All patients who underwent implantation of PFIA at 11 specialized orthopedic referral centers were enrolled in the study and were evaluated retrospectively at a minimum 2-year follow-up. Clinical outcomes included the Western Ontario and McMaster Universities Osteoarthritis Index (WOMAC) score, the Knee Injury and Osteoarthritis Outcome Score (KOOS), the Tegner Scale, the visual analogue scale (VAS) for pain, and subjective patient satisfaction. Pre- and perioperative risk factors were compared among failures and non-failures to determine potential risk factors.

A total of 263 patients (85% follow-up rate) could be enrolled. The mean age at the time of index surgery was 49±12 years with a mean postoperative follow-up of 45±18 months.

Results
--The overall failure rate was 11%, of which 18% were patients with patella resurfacing at index surgery and 82% were patients without initial patella resurfacing.

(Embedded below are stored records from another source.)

(* Let $q\in(0,1)$ and $b>0$, and let $(s_n)_{n\ge0}$ be a sequence of positive numbers together with an infinite set $B=\{n_1<n_2<\dots\}$ of nonnegative integers (the bad subscripts) such that $s_{n+1}=qs_n$ for $n\notin B$ and $s_{n+1}\le 2qs_n+b$ for $n\in B$. Suppose $n_{i+1}-n_i\to\infty$ as $i\to\infty$. Then $s_{n_i}\to0$ as $i\to\infty$. *)

theory Defs
  imports "HOL-Analysis.Analysis"
begin

end

theory Submission
  imports Defs
begin

(* Between two consecutive bad subscripts the sequence is geometric, so with the gaps
   g_i = n_{i+1} - n_i we get s_{n_{i+1}} \<le> q^(g_i - 1) (2 q s_{n_i} + b).  Since g_i \<rightarrow> \<infinity>,
   the factor q^(g_i - 1) tends to 0, so a_i = s_{n_i} satisfies a_{i+1} \<le> c_i a_i + e_i with
   c_i, e_i \<rightarrow> 0: eventually a contraction perturbed by a null sequence, which forces a_i \<rightarrow> 0. *)

lemma enumerate_gap_notin:
  fixes S :: "'a::wellorder set"
  assumes "infinite S" "enumerate S i < x" "x < enumerate S (Suc i)"
  shows "x \<notin> S"
  using assms not_less_Least[of x "\<lambda>s. s \<in> S \<and> enumerate S i < s"]
  by (simp add: enumerate_Suc'')

lemma geometric_segment:
  fixes s :: "nat \<Rightarrow> 'a::monoid_mult"
  assumes "\<And>j. j < k \<Longrightarrow> s (Suc (m + j)) = q * s (m + j)"
  shows "s (m + k) = q ^ k * s m"
  using assms
proof (induction k)
  case (Suc k)
  then show ?case by (simp add: mult.assoc)
qed simp

lemma tendsto_zero_of_contraction_plus_null:
  fixes a e :: "nat \<Rightarrow> real"
  assumes nonneg: "\<And>i. 0 \<le> a i" and lam: "0 \<le> lam" "lam < 1"
    and rec: "eventually (\<lambda>i. a (Suc i) \<le> lam * a i + e i) sequentially"
    and e: "e \<longlonglongrightarrow> 0"
  shows "a \<longlonglongrightarrow> 0"
proof (rule order_tendstoI)
  fix r :: real
  assume r: "0 < r"
  have "eventually (\<lambda>i. e i < (1 - lam) * r / 2) sequentially"
    using lam r by (intro order_tendstoD(2)[OF e]) simp
  with rec have "eventually (\<lambda>i. a (Suc i) \<le> lam * a i + (1 - lam) * r / 2) sequentially"
    by eventually_elim simp
  then obtain N where N: "\<And>i. i \<ge> N \<Longrightarrow> a (Suc i) \<le> lam * a i + (1 - lam) * r / 2"
    by (auto simp: eventually_sequentially)
  have bound: "a (k + N) \<le> lam ^ k * a N + r / 2" for k
  proof (induction k)
    case 0
    show ?case using r by simp
  next
    case (Suc k)
    have "a (Suc k + N) \<le> lam * a (k + N) + (1 - lam) * r / 2"
      using N[of "k + N"] by simp
    also have "\<dots> \<le> lam * (lam ^ k * a N + r / 2) + (1 - lam) * r / 2"
      using Suc.IH lam by (intro add_right_mono mult_left_mono) auto
    also have "\<dots> = lam ^ Suc k * a N + r / 2"
      by (simp add: field_simps)
    finally show ?case .
  qed
  have "(\<lambda>k. lam ^ k * a N) \<longlonglongrightarrow> 0"
    using lam by (intro tendsto_mult_left_zero LIMSEQ_power_zero) auto
  then have "eventually (\<lambda>k. lam ^ k * a N < r / 2) sequentially"
    using r by (intro order_tendstoD(2)) auto
  then have "eventually (\<lambda>k. a (k + N) < r) sequentially"
  proof eventually_elim
    case (elim k)
    then show ?case using bound[of k] by linarith
  qed
  then show "eventually (\<lambda>i. a i < r) sequentially"
    using eventually_sequentially_seg[of "\<lambda>i. a i < r" N] by simp
next
  fix r :: real
  assume "r < 0"
  then show "eventually (\<lambda>i. r < a i) sequentially"
    using nonneg by (intro always_eventually allI) (rule less_le_trans)
qed

lemma tendsto_zero_of_null_mult_plus_null:
  fixes a c e :: "nat \<Rightarrow> real"
  assumes "\<And>i. 0 \<le> a i" and rec: "\<And>i. a (Suc i) \<le> c i * a i + e i"
    and "c \<longlonglongrightarrow> 0" and "e \<longlonglongrightarrow> 0"
  shows "a \<longlonglongrightarrow> 0"
proof (rule tendsto_zero_of_contraction_plus_null)
  have "eventually (\<lambda>i. c i < 1 / 2) sequentially"
    by (intro order_tendstoD(2)[OF \<open>c \<longlonglongrightarrow> 0\<close>]) simp
  then show "eventually (\<lambda>i. a (Suc i) \<le> 1 / 2 * a i + e i) sequentially"
  proof eventually_elim
    case (elim i)
    have "c i * a i \<le> 1 / 2 * a i"
      using elim \<open>0 \<le> a i\<close> by (intro mult_right_mono) auto
    then show ?case using rec[of i] by linarith
  qed
qed (use assms in auto)

lemma geometric_decay_between_enumerate:
  fixes s :: "nat \<Rightarrow> real" and B :: "nat set"
  assumes "infinite B" and "0 \<le> q"
    and good: "\<And>n. n \<notin> B \<Longrightarrow> s (Suc n) = q * s n"
    and bad: "\<And>n. n \<in> B \<Longrightarrow> s (Suc n) \<le> 2 * q * s n + b"
  shows "s (enumerate B (Suc i))
           \<le> q ^ (enumerate B (Suc i) - enumerate B i - 1) * (2 * q * s (enumerate B i) + b)"
proof -
  let ?n = "enumerate B"
  define g where "g = ?n (Suc i) - ?n i - 1"
  have "?n (Suc i) = Suc (?n i) + g"
    using enumerate_step[OF \<open>infinite B\<close>, of i] unfolding g_def by simp
  moreover have "Suc (?n i) + j \<notin> B" if "j < g" for j
    using that by (intro enumerate_gap_notin[OF \<open>infinite B\<close>, of i]) (auto simp: g_def)
  ultimately have "s (?n (Suc i)) = q ^ g * s (Suc (?n i))"
    using geometric_segment[of g s "Suc (?n i)" q] good by simp
  also have "\<dots> \<le> q ^ g * (2 * q * s (?n i) + b)"
    using bad[OF enumerate_in_set[OF \<open>infinite B\<close>]] \<open>0 \<le> q\<close> by (intro mult_left_mono) auto
  finally show ?thesis
    unfolding g_def .
qed

theorem lemma6p1:
  fixes q b :: real and s :: "nat \<Rightarrow> real" and B :: "nat set"
  assumes "0 < q" and "q < 1" and "0 < b"
    and "\<And>n. s n > 0"
    and "infinite B"
    and "\<And>n. n \<notin> B \<Longrightarrow> s (Suc n) = q * s n"
    and "\<And>n. n \<in> B \<Longrightarrow> s (Suc n) \<le> 2 * q * s n + b"
    and "filterlim (\<lambda>i. enumerate B (Suc i) - enumerate B i) at_top sequentially"
  shows "(\<lambda>i. s (enumerate B i)) \<longlonglongrightarrow> 0"
proof -
  define g where "g i = enumerate B (Suc i) - enumerate B i - 1" for i
  have rec: "s (enumerate B (Suc i)) \<le> (q ^ g i * (2 * q)) * s (enumerate B i) + q ^ g i * b"
    for i
    using geometric_decay_between_enumerate[of B q s b i] assms(1,5-7)
    unfolding g_def by (simp add: algebra_simps)
  have "filterlim g at_top sequentially"
    unfolding g_def using filterlim_compose[OF filterlim_minus_const_nat_at_top assms(8)] .
  then have "(\<lambda>i. q ^ g i) \<longlonglongrightarrow> 0"
    using assms(1,2) by (intro filterlim_compose[OF LIMSEQ_power_zero]) auto
  then show ?thesis
    using assms(4) less_imp_le
    by (intro tendsto_zero_of_null_mult_plus_null[where c = "\<lambda>i. q ^ g i * (2 * q)"
          and e = "\<lambda>i. q ^ g i * b", OF _ rec] tendsto_mult_left_zero) auto
qed

end
lemma tram_proj_beyond_left: "fst p \<le> - a \<Longrightarrow> tram_proj a p = (- a, 0)"
  by (simp add: tram_proj_def)

lemma dist_less_d_tr_if_common_proj:
  assumes "tram_proj a p = e" "tram_proj a q = e" "e \<notin> closed_segment p q"
  shows "dist p q < d_tr a p q"
proof -
  have "dist p q \<noteq> dist p e + dist e q"
    using assms(3) by (simp add: between_mem_segment[symmetric] between)
  then show ?thesis
    using dist_triangle[of p q e] assms(1,2) by (simp add: d_tr_def)
qed

lemma dist_less_d_tr_beyond_right:
  assumes "0 \<le> a" "a < fst p" "a < fst q"
  shows "dist p q < d_tr a p q"
proof (rule dist_less_d_tr_if_common_proj)
  show "tram_proj a p = (a, 0)" "tram_proj a q = (a, 0)"
    using assms by (simp_all add: tram_proj_beyond_right)
  have "closed_segment p q \<subseteq> {a<..} \<times> UNIV"
    using assms by (intro closed_segment_subset convex_Times) (auto simp: mem_Times_iff)
  then show "(a, 0) \<notin> closed_segment p q" by auto
qed

lemma dist_less_d_tr_beyond_left:
  assumes "fst p < - a" "fst q < - a"
  shows "dist p q < d_tr a p q"
proof (rule dist_less_d_tr_if_common_proj)
  show "tram_proj a p = (- a, 0)" "tram_proj a q = (- a, 0)"
    using assms by (simp_all add: tram_proj_beyond_left)
  have "closed_segment p q \<subseteq> {..< - a} \<times> UNIV"
    using assms by (intro closed_segment_subset convex_Times) (auto simp: mem_Times_iff)
  then show "(- a, 0) \<notin> closed_segment p q" by auto
qed

lemma d_tr_le_dist_opposite_ends:
  assumes "a \<le> fst p" "fst q \<le> - a" "\<bar>snd p\<bar> + \<bar>snd q\<bar> \<le> 2 * a"
  shows "d_tr a p q \<le> dist p q"
proof -
  obtain x1 y1 x2 y2 where pq: "p = (x1, y1)" "q = (x2, y2)" by fastforce
  have "d_tr a p q = sqrt ((x1 - a)\<^sup>2 + y1\<^sup>2) + sqrt ((- a - x2)\<^sup>2 + y2\<^sup>2)"
    using assms by (simp add: pq d_tr_def tram_proj_beyond_right tram_proj_beyond_left dist_Pair_Pair
        dist_real_def power2_commute)
  also have "\<dots> \<le> (x1 - a) + \<bar>y1\<bar> + ((- a - x2) + \<bar>y2\<bar>)"
    using sqrt_sum_squares_le_sum_abs[of "x1 - a" y1] sqrt_sum_squares_le_sum_abs[of "- a - x2" y2]
      assms by (simp add: pq)
  also have "\<dots> \<le> dist (fst p) (fst q)"
    using assms by (simp add: pq dist_real_def)
  also have "\<dots> \<le> dist p q"
    by (rule dist_fst_le)
  finally show ?thesis .
qed

lemma continuous_on_tram_proj: "continuous_on UNIV (tram_proj a)"
  unfolding tram_proj_def by (intro continuous_intros)

lemma continuous_on_d_tr: "continuous_on UNIV (\<lambda>z. d_tr a (fst z) (snd z))"
  unfolding d_tr_def
  by (intro continuous_intros continuous_on_compose2[OF continuous_on_tram_proj]) auto

definition infeasible_pairs ::
    "real \<Rightarrow> (real \<times> real) set \<Rightarrow> ((real \<times> real) \<times> (real \<times> real)) set"
  where "infeasible_pairs a S = {z. snd z \<in> S \<and> dist (fst z) (snd z) < d_tr a (fst z) (snd z)}"

lemma vimage_Pair_infeasible_pairs: "Pair p -` infeasible_pairs a S = infeasible_set a p \<inter> S"
  by (auto simp: infeasible_pairs_def infeasible_set_def)

lemma infeasible_pairs_in_sets:
  assumes "closed S"
  shows "infeasible_pairs a S \<in> sets (lborel \<Otimes>\<^sub>M lborel)"
proof -
  have "infeasible_pairs a S =
      (UNIV \<times> S) \<inter> {z. dist (fst z) (snd z) < d_tr a (fst z) (snd z)}"
    by (auto simp: infeasible_pairs_def)
  also have "\<dots> \<in> sets borel"
  proof (rule sets.Int)
    show "UNIV \<times> S \<in> sets borel"
      using assms by (simp add: borel_closed closed_Times)
    show "{z. dist (fst z) (snd z) < d_tr a (fst z) (snd z)} \<in> sets borel"
      by (intro borel_open open_Collect_less continuous_intros continuous_on_d_tr)
  qed
  finally show ?thesis
    unfolding lborel_prod by simp
qed

definition infeasible_measure :: "real \<Rightarrow> (real \<times> real) set \<Rightarrow> real \<times> real \<Rightarrow> real"
  where "infeasible_measure a S p = measure lebesgue (infeasible_set a p \<inter> S)"

lemma infeasible_set_Int_in_sets: "closed S \<Longrightarrow> infeasible_set a p \<inter> S \<in> sets lborel"
  using sets_Pair1[OF infeasible_pairs_in_sets] by (metis vimage_Pair_infeasible_pairs)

--At final follow-up, 93% of the patients who did not fail were satisfied with the procedure with a mean transformed WOMAC Score of 84.5±14.5 points, a mean KOOS Score of 73.3±17.1 points, a mean Tegner Score of 3.4±1.4 points and a mean VAS pain of 2.4±2.0 points.

--An increased BMI was significantly correlated with a worse postoperative outcome.

--Concomitant procedures addressing patellofemoral instability or malalignment, the lack of patellofemoral resurfacing at the index surgery and a high BMI were significantly correlated with failure in this patient cohort.

Finally, patellofemoral inlay arthroplasty has a high patient satisfaction rate and strong functional results after a limited period of time, making it a promising treatment choice for young patients with isolated patellofemoral arthritis. To minimize the chance of failure, patellar resurfacing is recommended during index surgery.